Patients (n=220) who had a BCR but missing PSADT were excluded from the primary analysis. However, sensitivity analyses were performed redefining these patients as (1) having aggressive recurrence at the time of BCR or (2) as remaining without aggressive recurrence at the time of BCR and therefore censoring them at the time of BCR. Further sensitivity analyses were performed using different cut-off points for PSADT (<6 months and <12 months) to define aggressive recurrence. A cut-off of <3 months was not tested, as only 13 patients recurred with a PSADT<3 months.
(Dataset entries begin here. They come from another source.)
(* Let $n\ge 2$ and let $Q\in\mathbb{R}^{n\times n}$ be an irreducible generator matrix of a continuous-time Markov chain ($q_{ij}\ge0$ for $i\ne j$, $q_{ii}=-\sum_{j\ne i}q_{ij}$). Let $\boldsymbol v$ be the positive eigenvector of $Q^\top$ for eigenvalue $0$ with $\boldsymbol 1_n^\top\boldsymbol v=1$, and let $L^*$ be the matrix with entries $L^*_{ii}=\sum_{j\ne i}q_{ji}\frac{v_j}{v_i}$ and $L^*_{ij}=-q_{ji}\frac{v_j}{v_i}$ for $i\ne j$. Let $B=\operatorname{diag}(\beta_i)$ with all $\beta_i>0$ and $D=\operatorname{diag}(\delta_i)$ with all $\delta_i\ge 0$ and at least one $\delta_i>0$. Let $A=(L^*+D)^{-1}B$ and define, for $\boldsymbol p\in\mathbb{R}^n$ with $\boldsymbol p\ge\boldsymbol 0$, \[ H(\boldsymbol p)=(I+A\operatorname{diag}(\boldsymbol p))^{-1}A\boldsymbol p . \] If $H$ has a fixed point $\boldsymbol p^*\gg\boldsymbol 0$, then it is the unique fixed point of $H$ with all entries strictly positive.
   Context: For vectors, $\boldsymbol x\gg\boldsymbol y$ means $x_i>y_i$ for all $i$, and $\boldsymbol x\ge\boldsymbol y$ means $x_i\ge y_i$ for all $i$. *)

theory Defs
  imports "HOL-Analysis.Analysis"
begin

definition diagm :: "real ^ 'n \<Rightarrow> real ^ 'n ^ 'n" where
  "diagm x = (\<chi> i j. if i = j then x $ i else 0)"

definition generator_matrix :: "real ^ 'n ^ 'n \<Rightarrow> bool" where
  "generator_matrix Q \<longleftrightarrow>
     (\<forall>i j. i \<noteq> j \<longrightarrow> Q $ i $ j \<ge> 0) \<and>
     (\<forall>i. Q $ i $ i = - (\<Sum>j\<in>UNIV - {i}. Q $ i $ j))"

definition irreducible_matrix :: "real ^ 'n ^ 'n \<Rightarrow> bool" where
  "irreducible_matrix Q \<longleftrightarrow>
     (\<forall>i j. (i, j) \<in> {(a, b). a \<noteq> b \<and> Q $ a $ b \<noteq> 0}\<^sup>*)"

definition Lstar :: "real ^ 'n ^ 'n \<Rightarrow> real ^ 'n \<Rightarrow> real ^ 'n ^ 'n" where
  "Lstar Q v = (\<chi> i j. if i = j then (\<Sum>k\<in>UNIV - {i}. Q $ k $ i * v $ k / v $ i)
                        else - (Q $ j $ i * v $ j / v $ i))"

definition Amat :: "real ^ 'n ^ 'n \<Rightarrow> real ^ 'n \<Rightarrow> real ^ 'n \<Rightarrow> real ^ 'n \<Rightarrow> real ^ 'n ^ 'n" where
  "Amat Q v \<beta> \<delta> = matrix_inv (Lstar Q v + diagm \<delta>) ** diagm \<beta>"

definition Hmap :: "real ^ 'n ^ 'n \<Rightarrow> real ^ 'n \<Rightarrow> real ^ 'n" where
  "Hmap A p = matrix_inv (mat 1 + A ** diagm p) *v (A *v p)"

end

theory Submission
  imports Defs
begin
lemma orthonormal_mat_conj:
  assumes P: "orthonormal_mat n P" and M: "M \<in> carrier_mat n n"
  shows "M * P = P * (P\<^sup>T * M * P)"
proof -
  have Pc: "P \<in> carrier_mat n n" using P unfolding orthonormal_mat_def by simp
  have "P * (P\<^sup>T * M * P) = (P * P\<^sup>T) * M * P"
    using Pc M by (simp add: assoc_mult_mat[of _ n n _ n _ n])
  thus ?thesis using orthonormal_mat_right_inverse[OF P] Pc M by simp
qed

lemma orthonormal_congruence_mult:
  assumes P: "orthonormal_mat n P" and A: "A \<in> carrier_mat n n" and C: "C \<in> carrier_mat n n"
  shows "(P\<^sup>T * A * P) * (P\<^sup>T * C * P) = P\<^sup>T * (A * C) * P"
proof -
  have Pc: "P \<in> carrier_mat n n" using P unfolding orthonormal_mat_def by simp
  have "(P\<^sup>T * A * P) * (P\<^sup>T * C * P) = P\<^sup>T * A * (P * P\<^sup>T) * C * P"
    using Pc A C by (simp add: assoc_mult_mat[of _ n n _ n _ n])
  thus ?thesis unfolding orthonormal_mat_right_inverse[OF P]
    using Pc A C by (simp add: assoc_mult_mat[of _ n n _ n _ n])
qed

lemma orthonormal_congruence_eigenvector:
  assumes P: "orthonormal_mat n P" and M: "M \<in> carrier_mat n n" and u: "u \<in> carrier_vec n"
    and Mu: "(P\<^sup>T * M * P) *\<^sub>v u = \<mu> \<cdot>\<^sub>v u"
  shows "M *\<^sub>v (P *\<^sub>v u) = \<mu> \<cdot>\<^sub>v (P *\<^sub>v u)"
proof -
  have Pc: "P \<in> carrier_mat n n" using P unfolding orthonormal_mat_def by simp
  have "M *\<^sub>v (P *\<^sub>v u) = (M * P) *\<^sub>v u" using M Pc u by simp
  also have "\<dots> = P *\<^sub>v ((P\<^sup>T * M * P) *\<^sub>v u)"
    unfolding orthonormal_mat_conj[OF P M] using M Pc u by (subst assoc_mult_mat_vec) auto
  finally show ?thesis unfolding Mu using Pc u by (simp add: mult_mat_vec)
qed

lemma congruence_symmetric:
  fixes W A :: "'a :: comm_semiring_0 mat"
  assumes Wc: "W \<in> carrier_mat n n" and A: "A \<in> carrier_mat n n" and sym: "A\<^sup>T = A"
  shows "(W\<^sup>T * A * W)\<^sup>T = W\<^sup>T * A * W"
proof -
  have "(W\<^sup>T * A * W)\<^sup>T = W\<^sup>T * (W\<^sup>T * A)\<^sup>T"
    using Wc A by (intro transpose_mult) auto
  also have "(W\<^sup>T * A)\<^sup>T = A * W" using Wc A sym by (simp add: transpose_mult[of "W\<^sup>T" n n A n])
  finally show ?thesis using Wc A by (simp add: assoc_mult_mat[of _ n n _ n _ n])
qed

lemma congruence_mult:
  fixes W Q M :: "'a :: comm_semiring_0 mat"
  assumes "W \<in> carrier_mat n n" "Q \<in> carrier_mat n n" "M \<in> carrier_mat n n"
  shows "(W * Q)\<^sup>T * M * (W * Q) = Q\<^sup>T * (W\<^sup>T * M * W) * Q"
  using assms by (simp add: transpose_mult[OF assms(1,2)] assoc_mult_mat[of _ n n _ n _ n])

lemma diagonal_mat_mult_index_left:
  fixes G M :: "'a :: semiring_0 mat"
  assumes "G \<in> carrier_mat k k" "diagonal_mat G" "M \<in> carrier_mat k nc" "i < k" "j < nc"
  shows "(G * M) $$ (i,j) = G $$ (i,i) * M $$ (i,j)"
proof -
  have "(G * M) $$ (i,j) = (\<Sum>l = 0..<k. G $$ (i,l) * M $$ (l,j))"
    using assms by (simp add: scalar_prod_def)
  also have "\<dots> = (\<Sum>l = 0..<k. if l = i then G $$ (i,i) * M $$ (i,j) else 0)"
    using assms by (intro sum.cong) (auto simp: diagonal_mat_def)
  finally show ?thesis using assms by simp
qed

lemma diagonal_mat_mult_index_right:
  fixes G M :: "'a :: semiring_0 mat"
  assumes "G \<in> carrier_mat k k" "diagonal_mat G" "M \<in> carrier_mat nr k" "i < nr" "j < k"
  shows "(M * G) $$ (i,j) = M $$ (i,j) * G $$ (j,j)"
proof -
  have "(M * G) $$ (i,j) = (\<Sum>l = 0..<k. M $$ (i,l) * G $$ (l,j))"
    using assms by (simp add: scalar_prod_def)
  also have "\<dots> = (\<Sum>l = 0..<k. if l = j then M $$ (i,j) * G $$ (j,j) else 0)"
    using assms by (intro sum.cong) (auto simp: diagonal_mat_def)
  finally show ?thesis using assms by simp
qed

lemma mult_diagonal_mat_col:
  fixes G M :: "'a :: comm_semiring_0 mat"
  assumes "G \<in> carrier_mat k k" "diagonal_mat G" "M \<in> carrier_mat nr k" "j < k"
  shows "col (M * G) j = G $$ (j,j) \<cdot>\<^sub>v col M j"
proof (rule eq_vecI)
  fix i assume "i < dim_vec (G $$ (j,j) \<cdot>\<^sub>v col M j)"
  hence "i < nr" using assms by simp
  thus "col (M * G) j $ i = (G $$ (j,j) \<cdot>\<^sub>v col M j) $ i"
    using diagonal_mat_mult_index_right[OF assms(1-3) _ assms(4), of i] assms by (simp add: mult.commute)
qed (use assms in simp)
Kaplan-Meier survival curves were plotted for the cohort using BCR and aggressive recurrence as the event. All statistical analysis was performed using STATA 9.2 (STATACorp, College Station, TX) and R 2.5.1[18] with the packages “Hmisc” and “Design”.[19]

Results

Clinicopathological variables

The clinicopathological variables of the study population are described in table 1. Approximately 40% of the patients had low risk, 41% intermediate risk, and 20% high risk disease, by the D’Amico classification. Median follow-up among non-recurrent patients was 52 months, during which 522 patients (34%) experienced a BCR. Patients with BCR tended to have higher risk disease compared to the entire cohort (table 1). Only 86 patients (7% of the whole patient population and 29% of the 302 patients with a recurrence and PSADT available) experienced an aggressive recurrence according to our definition. Figure 1 shows the recurrence-free survival curves for the end-points of biochemical and aggressive recurrence. The risks of overall recurrence and aggressive recurrence at 10 years were 47% (95% CI 43% – 50%) and 9% (95% CI 7% – 12%), respectively. Among men who recurred, median time to BCR was 17 months whereas among those who had an aggressive recurrence, median time to recurrence was 9 months. The median PSADTs for patients with aggressive and non-aggressive recurrence were 5 and 23 months, respectively.

Table 1.

Clinicopathological variables of the patient population.*

All men (n=1550) Men with BCR (n=522)
Year of Surgery, median (IQR) 2000 (1996–2003) 1998 (1994–2001)
Age at surgery (years), median (IQR) 62 (57–66) 63 (58–67)
Length of follow up (months), median (IQR) 39 (13–72) 17 (5–41)
African American, number (%) 652 (42) 233 (45)
PSA (ng/ml), median (IQR) 7.3 (5.0–11.1) 9.4 (6.0–15.7)
Biopsy Gleason score
 2–6, number (%) 961 (63) 254 (50)
 3+4, number (%) 320 (21) 127 (25)
 4+3, number (%) 106 (7) 55 (11)
 8–10, number (%) 138 (9) 72 (14)
D’Amico risk
 low, number (%) 609 (40) 118 (23)
 intermediate, number (%) 624 (41) 248 (48)
 high, number (%) 298 (20) 148 (29)
Pathological Gleason score
 2–6, number (%) 620 (40) 134 (26)
 3+4, number (%) 573 (37) 209 (40)
 4+3, number (%) 173 (11) 84 (16)
 8–10, number (%) 170 (11) 90 (17)
Positive Surgical Margin, number (%) 710 (47) 320 (63)
Extracapsular Extension, number (%) 374 (25) 198 (39)
Seminal Vesicle Invasion, number (%) 157 (10) 110 (22)
Prostate Weight, median (IQR) 39.0 (30.2–50.2) 38.0 (28.7–48.2)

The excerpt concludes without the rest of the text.